▶ **What the exercise asks**
Your job is to write out each record exactly, leaving none out.
(Material provided)
lemma power_sums_vanish_imp_sum_eq_0:
  fixes c \<rho> :: "'a \<Rightarrow> 'b::idom"
  assumes fin: "finite I" and nz: "\<And>i. i \<in> I \<Longrightarrow> \<rho> i \<noteq> 0"
    and vanish: "\<And>m. 1 \<le> m \<Longrightarrow> m \<le> card I \<Longrightarrow> (\<Sum>i\<in>I. c i * \<rho> i ^ m) = 0"
  shows "(\<Sum>i\<in>I. c i) = 0"
proof -
  define Q where "Q = (\<Prod>i\<in>I. [:- \<rho> i, 1:])"
  have poly_Q: "poly Q z = (\<Prod>i\<in>I. z - \<rho> i)" for z
    unfolding Q_def by (simp add: poly_prod)
  have deg_Q: "degree Q \<le> card I"
    using degree_prod_sum_le[OF fin, of "\<lambda>i. [:- \<rho> i, 1:]"] by (simp add: Q_def o_def)
  have poly_Q_expand: "poly Q z = (\<Sum>k\<le>card I. coeff Q k * z ^ k)" for z
    unfolding poly_altdef
    by (rule sum.mono_neutral_left) (use deg_Q in \<open>auto simp: coeff_eq_0\<close>)
  have "0 = (\<Sum>i\<in>I. c i * poly Q (\<rho> i))"
    by (intro sum.neutral[symmetric]) (auto simp: poly_Q fin intro!: prod_zero)
  also have "\<dots> = (\<Sum>k\<le>card I. coeff Q k * (\<Sum>i\<in>I. c i * \<rho> i ^ k))"
    unfolding poly_Q_expand sum_distrib_left by (subst sum.swap) (simp add: mult_ac)
  also have "\<dots> = coeff Q 0 * (\<Sum>i\<in>I. c i)"
    by (subst sum.mono_neutral_right[of "{..card I}" "{0}"]) (auto simp: vanish)
  finally have "coeff Q 0 * (\<Sum>i\<in>I. c i) = 0" ..
  moreover have "coeff Q 0 = (\<Prod>i\<in>I. - \<rho> i)"
    using poly_Q[of 0] by (simp add: poly_0_coeff_0)
  ultimately show ?thesis
    using fin nz by (simp add: prod_zero_iff)
qed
(End Material provided)
▶ **Solution**
lemma power_sums_vanish_imp_sum_eq_0:
  fixes c \<rho> :: "'a \<Rightarrow> 'b::idom"
  assumes fin: "finite I" and nz: "\<And>i. i \<in> I \<Longrightarrow> \<rho> i \<noteq> 0"
    and vanish: "\<And>m. 1 \<le> m \<Longrightarrow> m \<le> card I \<Longrightarrow> (\<Sum>i\<in>I. c i * \<rho> i ^ m) = 0"
  shows "(\<Sum>i\<in>I. c i) = 0"
proof -
  define Q where "Q = (\<Prod>i\<in>I. [:- \<rho> i, 1:])"
  have poly_Q: "poly Q z = (\<Prod>i\<in>I. z - \<rho> i)" for z
    unfolding Q_def by (simp add: poly_prod)
  have deg_Q: "degree Q \<le> card I"
    using degree_prod_sum_le[OF fin, of "\<lambda>i. [:- \<rho> i, 1:]"] by (simp add: Q_def o_def)
  have poly_Q_expand: "poly Q z = (\<Sum>k\<le>card I. coeff Q k * z ^ k)" for z
    unfolding poly_altdef
    by (rule sum.mono_neutral_left) (use deg_Q in \<open>auto simp: coeff_eq_0\<close>)
  have "0 = (\<Sum>i\<in>I. c i * poly Q (\<rho> i))"
    by (intro sum.neutral[symmetric]) (auto simp: poly_Q fin intro!: prod_zero)
  also have "\<dots> = (\<Sum>k\<le>card I. coeff Q k * (\<Sum>i\<in>I. c i * \<rho> i ^ k))"
    unfolding poly_Q_expand sum_distrib_left by (subst sum.swap) (simp add: mult_ac)
  also have "\<dots> = coeff Q 0 * (\<Sum>i\<in>I. c i)"
    by (subst sum.mono_neutral_right[of "{..card I}" "{0}"]) (auto simp: vanish)
  finally have "coeff Q 0 * (\<Sum>i\<in>I. c i) = 0" ..
  moreover have "coeff Q 0 = (\<Prod>i\<in>I. - \<rho> i)"
    using poly_Q[of 0] by (simp add: poly_0_coeff_0)
  ultimately show ?thesis
    using fin nz by (simp add: prod_zero_iff)
qed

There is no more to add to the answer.